[Stored data entries]
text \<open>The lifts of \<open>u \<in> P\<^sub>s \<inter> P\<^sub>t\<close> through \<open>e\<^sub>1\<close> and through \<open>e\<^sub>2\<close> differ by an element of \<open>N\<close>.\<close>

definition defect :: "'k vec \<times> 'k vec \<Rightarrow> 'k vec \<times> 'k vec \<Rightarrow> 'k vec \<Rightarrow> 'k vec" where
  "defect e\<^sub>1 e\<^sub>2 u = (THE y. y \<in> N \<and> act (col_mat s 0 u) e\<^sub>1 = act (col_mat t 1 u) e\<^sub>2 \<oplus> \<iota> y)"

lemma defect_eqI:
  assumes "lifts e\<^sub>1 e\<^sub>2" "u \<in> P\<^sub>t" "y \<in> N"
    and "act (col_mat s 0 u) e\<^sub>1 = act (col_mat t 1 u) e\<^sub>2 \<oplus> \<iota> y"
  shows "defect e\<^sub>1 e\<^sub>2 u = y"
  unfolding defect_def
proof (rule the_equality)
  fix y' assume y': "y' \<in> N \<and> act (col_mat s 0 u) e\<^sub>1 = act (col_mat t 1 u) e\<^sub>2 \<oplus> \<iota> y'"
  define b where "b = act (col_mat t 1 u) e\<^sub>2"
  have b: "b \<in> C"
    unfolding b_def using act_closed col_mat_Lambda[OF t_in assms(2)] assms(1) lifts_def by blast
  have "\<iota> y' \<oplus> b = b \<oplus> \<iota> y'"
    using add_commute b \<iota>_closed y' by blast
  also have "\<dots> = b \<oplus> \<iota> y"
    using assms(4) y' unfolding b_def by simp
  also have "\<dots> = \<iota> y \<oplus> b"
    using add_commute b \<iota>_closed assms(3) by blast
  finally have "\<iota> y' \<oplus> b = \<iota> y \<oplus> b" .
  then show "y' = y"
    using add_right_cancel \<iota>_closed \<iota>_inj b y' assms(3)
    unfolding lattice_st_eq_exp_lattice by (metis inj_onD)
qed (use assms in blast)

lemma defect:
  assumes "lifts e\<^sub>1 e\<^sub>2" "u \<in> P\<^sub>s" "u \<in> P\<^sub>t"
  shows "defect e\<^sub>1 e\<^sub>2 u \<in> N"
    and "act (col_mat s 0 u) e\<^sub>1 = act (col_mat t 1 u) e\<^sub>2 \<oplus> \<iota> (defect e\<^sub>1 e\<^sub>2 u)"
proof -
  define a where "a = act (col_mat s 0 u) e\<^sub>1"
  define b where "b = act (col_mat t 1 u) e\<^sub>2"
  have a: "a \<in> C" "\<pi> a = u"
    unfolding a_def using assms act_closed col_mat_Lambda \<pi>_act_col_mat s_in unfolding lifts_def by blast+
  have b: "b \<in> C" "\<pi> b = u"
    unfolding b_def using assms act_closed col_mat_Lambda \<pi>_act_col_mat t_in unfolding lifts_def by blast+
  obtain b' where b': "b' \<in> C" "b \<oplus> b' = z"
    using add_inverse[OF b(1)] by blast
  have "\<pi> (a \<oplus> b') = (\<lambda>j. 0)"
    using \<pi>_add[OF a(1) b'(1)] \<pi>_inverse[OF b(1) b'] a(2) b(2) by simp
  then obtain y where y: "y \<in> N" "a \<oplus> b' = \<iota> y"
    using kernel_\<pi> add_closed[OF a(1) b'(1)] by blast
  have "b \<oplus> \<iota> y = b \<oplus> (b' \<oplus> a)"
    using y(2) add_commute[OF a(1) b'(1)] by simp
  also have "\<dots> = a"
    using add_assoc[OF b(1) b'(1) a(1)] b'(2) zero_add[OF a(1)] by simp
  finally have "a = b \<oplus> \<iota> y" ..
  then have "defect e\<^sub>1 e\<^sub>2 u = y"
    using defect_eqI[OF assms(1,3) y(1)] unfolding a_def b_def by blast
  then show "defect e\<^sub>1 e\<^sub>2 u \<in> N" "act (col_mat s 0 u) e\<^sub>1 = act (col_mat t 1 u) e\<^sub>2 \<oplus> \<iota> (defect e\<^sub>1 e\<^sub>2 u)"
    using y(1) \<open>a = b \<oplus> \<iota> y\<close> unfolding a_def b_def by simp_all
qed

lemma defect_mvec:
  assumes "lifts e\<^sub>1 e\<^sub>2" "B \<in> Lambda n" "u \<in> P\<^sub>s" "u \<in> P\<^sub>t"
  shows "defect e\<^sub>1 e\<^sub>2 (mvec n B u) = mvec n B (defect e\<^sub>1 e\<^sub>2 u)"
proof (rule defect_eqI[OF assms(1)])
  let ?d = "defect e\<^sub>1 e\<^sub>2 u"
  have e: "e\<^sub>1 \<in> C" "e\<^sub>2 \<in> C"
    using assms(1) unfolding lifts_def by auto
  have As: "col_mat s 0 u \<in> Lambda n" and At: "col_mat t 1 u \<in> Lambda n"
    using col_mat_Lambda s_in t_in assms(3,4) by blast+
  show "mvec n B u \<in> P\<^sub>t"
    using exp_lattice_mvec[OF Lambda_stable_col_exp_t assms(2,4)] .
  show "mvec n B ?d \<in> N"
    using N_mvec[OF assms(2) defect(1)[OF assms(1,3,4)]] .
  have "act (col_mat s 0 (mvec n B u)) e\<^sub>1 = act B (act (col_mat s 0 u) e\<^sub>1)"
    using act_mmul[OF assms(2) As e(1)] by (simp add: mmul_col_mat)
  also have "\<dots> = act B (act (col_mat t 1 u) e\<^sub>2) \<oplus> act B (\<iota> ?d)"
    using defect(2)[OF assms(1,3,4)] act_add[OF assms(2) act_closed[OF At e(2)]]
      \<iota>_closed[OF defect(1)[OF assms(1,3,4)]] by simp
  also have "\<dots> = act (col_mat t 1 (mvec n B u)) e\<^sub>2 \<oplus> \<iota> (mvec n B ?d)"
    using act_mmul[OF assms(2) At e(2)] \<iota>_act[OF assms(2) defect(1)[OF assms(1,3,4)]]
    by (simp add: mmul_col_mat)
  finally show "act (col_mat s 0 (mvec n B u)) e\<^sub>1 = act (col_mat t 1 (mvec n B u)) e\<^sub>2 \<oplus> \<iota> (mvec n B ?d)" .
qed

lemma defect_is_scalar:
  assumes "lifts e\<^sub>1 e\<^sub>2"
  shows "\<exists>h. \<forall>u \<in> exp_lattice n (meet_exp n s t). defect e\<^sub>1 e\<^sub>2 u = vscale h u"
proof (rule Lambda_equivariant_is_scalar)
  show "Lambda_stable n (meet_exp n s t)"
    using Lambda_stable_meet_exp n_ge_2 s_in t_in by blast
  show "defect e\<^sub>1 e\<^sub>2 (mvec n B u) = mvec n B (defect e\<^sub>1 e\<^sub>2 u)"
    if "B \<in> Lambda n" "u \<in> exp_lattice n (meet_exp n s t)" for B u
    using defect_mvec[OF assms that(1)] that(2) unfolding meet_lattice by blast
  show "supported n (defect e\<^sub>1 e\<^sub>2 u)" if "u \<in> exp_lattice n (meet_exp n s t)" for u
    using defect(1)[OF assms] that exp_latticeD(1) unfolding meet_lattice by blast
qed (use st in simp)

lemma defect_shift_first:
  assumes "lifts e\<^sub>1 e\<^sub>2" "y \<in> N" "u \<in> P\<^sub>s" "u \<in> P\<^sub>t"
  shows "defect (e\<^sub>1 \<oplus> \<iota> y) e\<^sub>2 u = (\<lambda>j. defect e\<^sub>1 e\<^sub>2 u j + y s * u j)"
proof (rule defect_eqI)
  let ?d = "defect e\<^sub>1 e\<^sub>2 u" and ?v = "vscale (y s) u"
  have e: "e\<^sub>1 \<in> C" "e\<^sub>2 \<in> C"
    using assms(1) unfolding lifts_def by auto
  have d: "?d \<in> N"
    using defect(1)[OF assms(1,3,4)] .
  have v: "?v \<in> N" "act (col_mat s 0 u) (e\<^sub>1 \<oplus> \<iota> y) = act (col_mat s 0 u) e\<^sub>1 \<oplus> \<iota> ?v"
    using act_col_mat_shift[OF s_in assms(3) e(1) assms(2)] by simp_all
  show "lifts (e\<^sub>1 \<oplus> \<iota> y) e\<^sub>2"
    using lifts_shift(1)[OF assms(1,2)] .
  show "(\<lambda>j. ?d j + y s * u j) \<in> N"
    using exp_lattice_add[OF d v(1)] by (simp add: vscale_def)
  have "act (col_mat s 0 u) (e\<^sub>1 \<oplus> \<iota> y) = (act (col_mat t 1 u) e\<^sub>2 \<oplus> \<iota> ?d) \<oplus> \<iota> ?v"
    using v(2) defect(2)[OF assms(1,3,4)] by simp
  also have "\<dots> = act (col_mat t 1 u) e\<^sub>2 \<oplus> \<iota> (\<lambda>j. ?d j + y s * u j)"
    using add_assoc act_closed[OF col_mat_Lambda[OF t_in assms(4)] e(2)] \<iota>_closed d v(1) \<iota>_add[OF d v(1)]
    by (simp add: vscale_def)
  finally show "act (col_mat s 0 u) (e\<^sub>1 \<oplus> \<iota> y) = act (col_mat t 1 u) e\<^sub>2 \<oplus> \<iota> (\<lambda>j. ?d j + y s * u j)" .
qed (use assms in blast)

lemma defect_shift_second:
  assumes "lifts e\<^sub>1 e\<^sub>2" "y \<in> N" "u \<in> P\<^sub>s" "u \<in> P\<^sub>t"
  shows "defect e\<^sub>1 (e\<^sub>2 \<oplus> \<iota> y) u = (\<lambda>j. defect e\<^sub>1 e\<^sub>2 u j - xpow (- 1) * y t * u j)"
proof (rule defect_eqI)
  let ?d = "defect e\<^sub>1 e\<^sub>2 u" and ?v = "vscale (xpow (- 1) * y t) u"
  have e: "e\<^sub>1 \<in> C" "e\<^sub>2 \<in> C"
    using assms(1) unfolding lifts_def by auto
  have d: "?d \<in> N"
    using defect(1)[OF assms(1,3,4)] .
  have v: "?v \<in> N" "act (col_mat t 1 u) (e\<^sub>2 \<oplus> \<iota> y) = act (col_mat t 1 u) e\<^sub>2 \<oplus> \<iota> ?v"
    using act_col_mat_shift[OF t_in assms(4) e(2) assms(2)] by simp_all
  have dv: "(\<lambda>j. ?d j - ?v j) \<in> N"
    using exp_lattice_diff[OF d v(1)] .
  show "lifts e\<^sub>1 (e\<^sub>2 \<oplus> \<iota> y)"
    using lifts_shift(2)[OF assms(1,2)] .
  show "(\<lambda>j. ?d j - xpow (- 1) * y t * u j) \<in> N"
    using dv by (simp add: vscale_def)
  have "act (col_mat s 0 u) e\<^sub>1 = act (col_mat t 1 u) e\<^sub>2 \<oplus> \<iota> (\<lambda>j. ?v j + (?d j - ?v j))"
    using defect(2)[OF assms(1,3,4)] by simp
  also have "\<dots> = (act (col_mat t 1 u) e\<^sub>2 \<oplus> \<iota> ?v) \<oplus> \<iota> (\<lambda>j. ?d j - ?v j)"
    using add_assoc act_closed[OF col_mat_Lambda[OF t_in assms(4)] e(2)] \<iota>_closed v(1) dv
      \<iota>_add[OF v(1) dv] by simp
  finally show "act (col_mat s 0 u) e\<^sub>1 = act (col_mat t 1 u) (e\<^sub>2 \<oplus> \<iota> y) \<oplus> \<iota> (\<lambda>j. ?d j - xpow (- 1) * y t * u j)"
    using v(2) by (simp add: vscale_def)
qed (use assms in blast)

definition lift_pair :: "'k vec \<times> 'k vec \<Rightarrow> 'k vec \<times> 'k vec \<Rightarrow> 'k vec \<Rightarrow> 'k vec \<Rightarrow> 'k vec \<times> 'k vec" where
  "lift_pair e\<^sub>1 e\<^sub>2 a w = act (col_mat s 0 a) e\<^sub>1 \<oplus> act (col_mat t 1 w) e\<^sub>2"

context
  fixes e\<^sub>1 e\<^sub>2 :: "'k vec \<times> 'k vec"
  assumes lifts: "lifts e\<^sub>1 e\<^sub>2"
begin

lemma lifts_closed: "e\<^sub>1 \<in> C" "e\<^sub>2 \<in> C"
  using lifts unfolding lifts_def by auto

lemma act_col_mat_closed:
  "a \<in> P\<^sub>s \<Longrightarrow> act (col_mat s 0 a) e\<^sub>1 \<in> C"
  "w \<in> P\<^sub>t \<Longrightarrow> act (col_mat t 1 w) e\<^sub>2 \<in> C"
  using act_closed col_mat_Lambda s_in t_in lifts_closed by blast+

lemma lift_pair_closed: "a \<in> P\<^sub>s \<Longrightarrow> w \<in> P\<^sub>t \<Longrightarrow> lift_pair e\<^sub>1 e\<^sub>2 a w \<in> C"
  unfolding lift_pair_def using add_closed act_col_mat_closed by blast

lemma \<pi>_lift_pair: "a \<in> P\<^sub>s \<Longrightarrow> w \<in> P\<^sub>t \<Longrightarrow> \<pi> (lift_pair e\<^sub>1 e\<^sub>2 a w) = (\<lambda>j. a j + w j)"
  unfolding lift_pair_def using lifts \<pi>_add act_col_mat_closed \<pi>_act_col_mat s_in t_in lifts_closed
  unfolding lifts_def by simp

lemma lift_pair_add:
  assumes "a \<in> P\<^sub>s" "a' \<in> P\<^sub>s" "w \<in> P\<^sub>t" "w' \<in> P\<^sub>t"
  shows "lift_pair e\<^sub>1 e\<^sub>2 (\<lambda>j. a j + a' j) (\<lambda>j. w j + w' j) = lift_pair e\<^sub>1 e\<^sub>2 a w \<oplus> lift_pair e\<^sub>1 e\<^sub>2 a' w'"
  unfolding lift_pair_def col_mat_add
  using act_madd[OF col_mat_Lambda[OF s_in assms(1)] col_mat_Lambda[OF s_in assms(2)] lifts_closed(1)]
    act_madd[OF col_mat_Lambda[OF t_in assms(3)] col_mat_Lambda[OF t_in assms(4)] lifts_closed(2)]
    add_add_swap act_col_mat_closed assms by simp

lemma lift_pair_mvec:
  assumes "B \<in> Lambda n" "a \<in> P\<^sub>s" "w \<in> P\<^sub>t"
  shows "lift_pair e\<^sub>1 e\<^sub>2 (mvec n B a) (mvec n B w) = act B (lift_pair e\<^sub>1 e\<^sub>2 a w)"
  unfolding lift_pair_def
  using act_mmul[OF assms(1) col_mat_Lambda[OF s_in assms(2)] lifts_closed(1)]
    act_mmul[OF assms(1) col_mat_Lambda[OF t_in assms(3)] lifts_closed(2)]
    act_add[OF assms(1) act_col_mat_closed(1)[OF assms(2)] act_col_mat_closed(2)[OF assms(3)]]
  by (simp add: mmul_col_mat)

Task instructions:
The range runs from the line with "unfolding lifts_def by simp" to the last line of the entries above, both included. Restate it word for word.

Response for this exercise:
  unfolding lifts_def by simp

lemma lift_pair_add:
  assumes "a \<in> P\<^sub>s" "a' \<in> P\<^sub>s" "w \<in> P\<^sub>t" "w' \<in> P\<^sub>t"
  shows "lift_pair e\<^sub>1 e\<^sub>2 (\<lambda>j. a j + a' j) (\<lambda>j. w j + w' j) = lift_pair e\<^sub>1 e\<^sub>2 a w \<oplus> lift_pair e\<^sub>1 e\<^sub>2 a' w'"
  unfolding lift_pair_def col_mat_add
  using act_madd[OF col_mat_Lambda[OF s_in assms(1)] col_mat_Lambda[OF s_in assms(2)] lifts_closed(1)]
    act_madd[OF col_mat_Lambda[OF t_in assms(3)] col_mat_Lambda[OF t_in assms(4)] lifts_closed(2)]
    add_add_swap act_col_mat_closed assms by simp

lemma lift_pair_mvec:
  assumes "B \<in> Lambda n" "a \<in> P\<^sub>s" "w \<in> P\<^sub>t"
  shows "lift_pair e\<^sub>1 e\<^sub>2 (mvec n B a) (mvec n B w) = act B (lift_pair e\<^sub>1 e\<^sub>2 a w)"
  unfolding lift_pair_def
  using act_mmul[OF assms(1) col_mat_Lambda[OF s_in assms(2)] lifts_closed(1)]
    act_mmul[OF assms(1) col_mat_Lambda[OF t_in assms(3)] lifts_closed(2)]
    act_add[OF assms(1) act_col_mat_closed(1)[OF assms(2)] act_col_mat_closed(2)[OF assms(3)]]
  by (simp add: mmul_col_mat)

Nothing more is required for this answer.